Dataset entries

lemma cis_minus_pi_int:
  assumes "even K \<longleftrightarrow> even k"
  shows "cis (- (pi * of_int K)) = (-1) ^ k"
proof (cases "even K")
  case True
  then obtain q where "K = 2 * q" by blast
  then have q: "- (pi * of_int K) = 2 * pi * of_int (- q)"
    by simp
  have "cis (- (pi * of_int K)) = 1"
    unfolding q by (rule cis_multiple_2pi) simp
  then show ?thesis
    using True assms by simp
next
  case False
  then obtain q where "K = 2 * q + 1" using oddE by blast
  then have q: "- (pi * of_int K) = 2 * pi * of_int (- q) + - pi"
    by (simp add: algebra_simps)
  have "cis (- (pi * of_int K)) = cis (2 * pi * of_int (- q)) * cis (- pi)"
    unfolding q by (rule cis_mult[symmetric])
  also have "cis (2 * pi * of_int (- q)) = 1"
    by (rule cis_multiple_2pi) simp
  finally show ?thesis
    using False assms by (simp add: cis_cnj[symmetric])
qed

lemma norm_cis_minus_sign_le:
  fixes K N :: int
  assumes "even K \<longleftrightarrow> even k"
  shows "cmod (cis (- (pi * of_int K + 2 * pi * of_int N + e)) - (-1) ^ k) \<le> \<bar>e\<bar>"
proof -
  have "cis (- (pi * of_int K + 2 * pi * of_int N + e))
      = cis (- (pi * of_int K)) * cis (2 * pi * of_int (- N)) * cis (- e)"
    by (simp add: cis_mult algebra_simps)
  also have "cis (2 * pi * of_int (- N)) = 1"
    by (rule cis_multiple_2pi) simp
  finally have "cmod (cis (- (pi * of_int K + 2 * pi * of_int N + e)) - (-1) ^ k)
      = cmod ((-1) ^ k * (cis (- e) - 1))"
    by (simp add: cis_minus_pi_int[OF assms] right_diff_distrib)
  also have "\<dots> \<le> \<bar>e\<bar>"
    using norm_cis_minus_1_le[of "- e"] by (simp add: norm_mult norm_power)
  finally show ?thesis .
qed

• **INSTRUCTIONS TO FOLLOW**
This exercise calls for the line containing "by (simp add: cis_mult algebra_simps)" and each line after it in the records, copied exactly.

• **EXPECTED ANSWER**
    by (simp add: cis_mult algebra_simps)
  also have "cis (2 * pi * of_int (- N)) = 1"
    by (rule cis_multiple_2pi) simp
  finally have "cmod (cis (- (pi * of_int K + 2 * pi * of_int N + e)) - (-1) ^ k)
      = cmod ((-1) ^ k * (cis (- e) - 1))"
    by (simp add: cis_minus_pi_int[OF assms] right_diff_distrib)
  also have "\<dots> \<le> \<bar>e\<bar>"
    using norm_cis_minus_1_le[of "- e"] by (simp add: norm_mult norm_power)
  finally show ?thesis .
qed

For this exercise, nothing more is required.